Status: Drafted 2026-05-22; implementation deferred to Wave 18 (substrate) + Wave 19 (end-to-end). See docs/design/token-reduction-strategy.md §5.
Last updated: 2026-05-22
One-line framing. Long sessions grow input context linearly. The shipped prompt-cache work (
context-assembler.md §5.1) pins the stable prefix; the mutating tail of message history is not cached and grows unbounded. Compaction summarizes older turns into a single compressed block so the tail stays bounded, with a content-hash-keyed cache so re-runs don’t pay summarization cost twice.

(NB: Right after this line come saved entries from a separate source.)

lemma poly_bounded_on_add:
  assumes "poly_bounded_on L G" and "poly_bounded_on L H"
  shows "poly_bounded_on L (\<lambda>l y. G l y + H l y)"
proof -
  obtain C q where G: "\<And>l y. l \<in> L \<Longrightarrow> \<bar>G l y\<bar> \<le> C * (1 + \<bar>y\<bar>) ^ q"
    and H: "\<And>l y. l \<in> L \<Longrightarrow> \<bar>H l y\<bar> \<le> C * (1 + \<bar>y\<bar>) ^ q"
    using assms by (rule poly_bounded_on_common_bound) blast
  have "\<bar>G l y + H l y\<bar> \<le> (2 * C) * (1 + \<bar>y\<bar>) ^ q" if "l \<in> L" for l y
    using abs_triangle_ineq[of "G l y" "H l y"] G[OF that, of y] H[OF that, of y] by linarith
  then show ?thesis unfolding poly_bounded_on_def by blast
qed

lemma poly_bounded_on_mult:
  assumes "poly_bounded_on L G" and "poly_bounded_on L H"
  shows "poly_bounded_on L (\<lambda>l y. G l y * H l y)"
proof -
  obtain C1 q1 where "0 \<le> C1" and G: "\<And>l y. l \<in> L \<Longrightarrow> \<bar>G l y\<bar> \<le> C1 * (1 + \<bar>y\<bar>) ^ q1"
    using assms(1) by (rule poly_bounded_onE) blast
  obtain C2 q2 where H: "\<And>l y. l \<in> L \<Longrightarrow> \<bar>H l y\<bar> \<le> C2 * (1 + \<bar>y\<bar>) ^ q2"
    using assms(2) by (rule poly_bounded_onE) blast
  have "\<bar>G l y * H l y\<bar> \<le> (C1 * C2) * (1 + \<bar>y\<bar>) ^ (q1 + q2)" if "l \<in> L" for l y
  proof -
    have "\<bar>G l y * H l y\<bar> \<le> (C1 * (1 + \<bar>y\<bar>) ^ q1) * (C2 * (1 + \<bar>y\<bar>) ^ q2)"
      unfolding abs_mult using G[OF that] H[OF that] \<open>0 \<le> C1\<close> by (intro mult_mono) auto
    then show ?thesis by (simp add: power_add mult_ac)
  qed
  then show ?thesis unfolding poly_bounded_on_def by blast
qed

lemma poly_bounded_on_Times:
  assumes "finite I" and "\<And>i. i \<in> I \<Longrightarrow> poly_bounded_on L (G i)"
  shows "poly_bounded_on (I \<times> L) (\<lambda>(i, l). G i l)"
  using assms
proof (induction I rule: finite_induct)
  case empty
  then show ?case by (simp add: poly_bounded_on_def)
next
  case (insert i I)
  have "poly_bounded_on ({i} \<times> L) (\<lambda>(i, l). G i l)"
    using insert.prems[of i] unfolding poly_bounded_on_def by auto
  moreover have "poly_bounded_on (I \<times> L) (\<lambda>(i, l). G i l)"
    using insert.IH insert.prems by blast
  ultimately have "poly_bounded_on ({i} \<times> L \<union> I \<times> L) (\<lambda>(i, l). G i l)"
    by (rule poly_bounded_on_Un)
  moreover have "{i} \<times> L \<union> I \<times> L = insert i I \<times> L" by blast
  ultimately show ?case by simp
qed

What this is not. Not a replacement for
memory-store.md: MEMORY.md captures cross-session distilled facts; compaction acts on in-session message history. Not a trace-store retention mechanism: compaction touches only the in-memory session and the per-workspace cache; the trace store (event-bus-and-trace-catalog.md §7) is unchanged. Not a context-window-limit fallback: compaction is a cost lever first, a length lever second.
This spec depends on:
canonical-message-format.md — the
Message shape that compaction reads and writes.event-bus-and-trace-catalog.md —
three new session.compaction_* events register here.context-assembler.md — the stable-prefix
contract that compaction must NOT invalidate.provider-adapter-contract.md — the
separate LLM call compaction makes uses the standard adapter path.A long metis dev session accumulates message history turn over turn.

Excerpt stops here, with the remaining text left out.